İşte o keşkelerden biri:
Cumhurbaşkanlığı seçiminden sonra nasıl olsa 9 ay sonra seçim
yapılacak, o seçimden sonra başkanlığa geçilecek hesabıyla ve
farklılık iddiasıyla parti ve hükümetle bu kadar iç içe olunmasaydı
sıkıntılar bu kadar büyümezdi. Parti yeni kadrosuyla biraz
yalpalayarak, biraz yük atarak yeni bir renge bürünür, yeni
şartlara adapte olur ve yoluna devam ederdi. Yenilenirdi.
Bu aynı zamanda halk tarafından seçilmiş olsa da cumhurbaşkanına,
temsili bir görev yüklemek anlamına geliyor.

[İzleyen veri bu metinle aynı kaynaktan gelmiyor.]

lemma card_odd_components_crossed_le:
  assumes "mgraph G" "e \<in> edges G" "symp A"
  shows "card {C\<in>odd_components A W. e \<in> cut_edges G C} \<le> card (ends G e \<inter> W)"
proof -
  let ?K = "{C\<in>odd_components A W. e \<in> cut_edges G C}"
  define g where "g C = (SOME v. v \<in> ends G e \<inter> C)" for C
  have K: "C \<in> components A W" "ends G e \<inter> C \<noteq> {}" if "C \<in> ?K" for C
    using that by (auto simp: odd_components_def cut_edges_def)
  have g: "g C \<in> ends G e \<inter> C" if "C \<in> ?K" for C
    using K(2)[OF that] unfolding g_def by (metis ex_in_conv someI_ex)
  have "inj_on g ?K"
  proof (rule inj_onI)
    fix C C' assume C: "C \<in> ?K" "C' \<in> ?K" and "g C = g C'"
    then have "C \<inter> C' \<noteq> {}" using g[OF C(1)] g[OF C(2)] by auto
    then show "C = C'" using components_disjoint[OF assms(3) K(1)[OF C(1)] K(1)[OF C(2)]] by blast
  qed
  moreover have "g ` ?K \<subseteq> ends G e \<inter> W" using g K(1) components_subset by blast
  moreover have "finite (ends G e \<inter> W)" by (simp add: mgraph_ends(3)[OF assms(1,2)])
  ultimately show ?thesis by (rule card_inj_on_le)
qed

lemma card_ends_outside_le_1:
  assumes "mgraph G" "e \<in> edges G" "ends G e \<inter> S \<noteq> {}"
  shows "card (ends G e \<inter> (V - S)) \<le> 1"
proof -
  obtain s where s: "s \<in> ends G e" "s \<in> S" using assms(3) by blast
  then have "card (ends G e \<inter> (V - S)) \<le> card (ends G e - {s})"
    using mgraph_ends(3)[OF assms(1,2)] by (intro card_mono) auto
  then show ?thesis using mgraph_ends(1,3)[OF assms(1,2)] s(1) by simp
qed

lemma sum_card_cut_edges_eq:
  assumes "finite \<C>" "finite F" "\<And>C. C \<in> \<C> \<Longrightarrow> cut_edges G C \<subseteq> F"
  shows "(\<Sum>C\<in>\<C>. card (cut_edges G C)) = (\<Sum>e\<in>F. card {C\<in>\<C>. e \<in> cut_edges G C})"
proof -
  have "{e\<in>F. C \<in> {C. e \<in> cut_edges G C}} = cut_edges G C" if "C \<in> \<C>" for C
    using assms(3)[OF that] by blast
  then show ?thesis
    using incidence_double_counting[OF assms(1,2), of "\<lambda>e. {C. e \<in> cut_edges G C}"]
    by (simp add: Int_commute Int_def conj_commute)
qed

lemma cubic_card_edges_meeting_le:
  assumes "cubic G" "S \<subseteq> verts G"
  shows "card {e\<in>edges G. ends G e \<inter> S \<noteq> {}} \<le> 3 * card S"
proof -
  have "finite S"
    using finite_subset[OF assms(2) mgraph_finite(1)] assms(1) by (simp add: cubic_def)
  have "{e\<in>edges G. ends G e \<inter> S \<noteq> {}} = (\<Union>v\<in>S. {e\<in>edges G. v \<in> ends G e})" by auto
  then have "card {e\<in>edges G. ends G e \<inter> S \<noteq> {}} \<le> (\<Sum>v\<in>S. card {e\<in>edges G. v \<in> ends G e})"
    using card_UN_le[OF \<open>finite S\<close>] by simp
  also have "\<dots> = 3 * card S" by (rule sum_degree_cubic[OF assms])
  finally show ?thesis .
qed

text \<open>Each odd component sends at least three edges across its cut, all of which meet \<open>S\<close> or lie
  in \<open>X\<close>; an edge meeting \<open>S\<close> can enter only one component.\<close>

lemma cubic_bridgeless_card_odd_components_le:
  assumes "cubic G" "bridgeless G" "X \<subseteq> edges G" "S \<subseteq> verts G"
  shows "3 * card (odd_components (adj_in G (edges G - X)) (verts G - S)) \<le> 3 * card S + 2 * card X"
proof -
  let ?OC = "odd_components (adj_in G (edges G - X)) (verts G - S)"
  let ?ES = "{e\<in>edges G. ends G e \<inter> S \<noteq> {}}"
  let ?cross = "\<lambda>e. card {C\<in>?OC. e \<in> cut_edges G C}"
  have mg: "mgraph G" using assms(1) by (simp add: cubic_def)
  have fin: "finite ?OC" "finite ?ES" "finite X"
    using mgraph_finite[OF mg] assms(3) by (auto simp: finite_odd_components intro: finite_subset)
  have OC: "C \<in> components (adj_in G (edges G - X)) (verts G - S)" "C \<subseteq> verts G" "odd (card C)"
    if "C \<in> ?OC" for C
    using that components_subset by (fastforce simp: odd_components_def)+
  have cross: "?cross e \<le> card (ends G e \<inter> (verts G - S))" if "e \<in> edges G" for e
    by (rule card_odd_components_crossed_le[OF mg that symp_adj_in])
  have "card ?OC * 3 \<le> (\<Sum>C\<in>?OC. card (cut_edges G C))"
    using sum_bounded_below[of ?OC 3 "\<lambda>C. card (cut_edges G C)"]
      cubic_bridgeless_card_cut_edges_ge_3[OF assms(1,2) OC(2,3)] by simp
  also have "\<dots> = (\<Sum>e\<in>?ES \<union> X. ?cross e)"
    using component_cut_edges_subset[OF mg OC(1)] fin by (intro sum_card_cut_edges_eq) auto
  also have "\<dots> \<le> (\<Sum>e\<in>?ES. ?cross e) + (\<Sum>e\<in>X. ?cross e)"
    using sum_Un_nat[OF fin(2,3), of ?cross] by simp
  also have "\<dots> \<le> (\<Sum>e\<in>?ES. 1) + (\<Sum>e\<in>X. 2)"
  proof (rule add_mono; rule sum_mono)
    show "?cross e \<le> 1" if "e \<in> ?ES" for e
    proof -
      have e: "e \<in> edges G" "ends G e \<inter> S \<noteq> {}" using that by auto
      show ?thesis using le_trans[OF cross[OF e(1)] card_ends_outside_le_1[OF mg e]] .
    qed
    show "?cross e \<le> 2" if "e \<in> X" for e
    proof -
      have e: "e \<in> edges G" using that assms(3) by blast
      have "card (ends G e \<inter> (verts G - S)) \<le> card (ends G e)"
        using mgraph_ends(3)[OF mg e] by (intro card_mono) auto
      then show ?thesis using cross[OF e] mgraph_ends(1)[OF mg e] by simp
    qed
  qed
  also have "\<dots> \<le> 3 * card S + 2 * card X"
    using cubic_card_edges_meeting_le[OF assms(1,4)] by simp
  finally show ?thesis by simp
qed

Cumhurbaşkanının bir iki denemeden önce bu pozisyona razı
olmayacağı anlaşılıyor.
Şu andaki tablo çok kısa şekilde şöyle özetlenebilir:
Ben kendimi başkan gibi hissediyorum. Mevzuatı buna göre
düzenleyin, bekliyorum.
Görünen bir tek yolu var: Seçimde anayasayı değiştirecek çoğunluğu
elde etmek.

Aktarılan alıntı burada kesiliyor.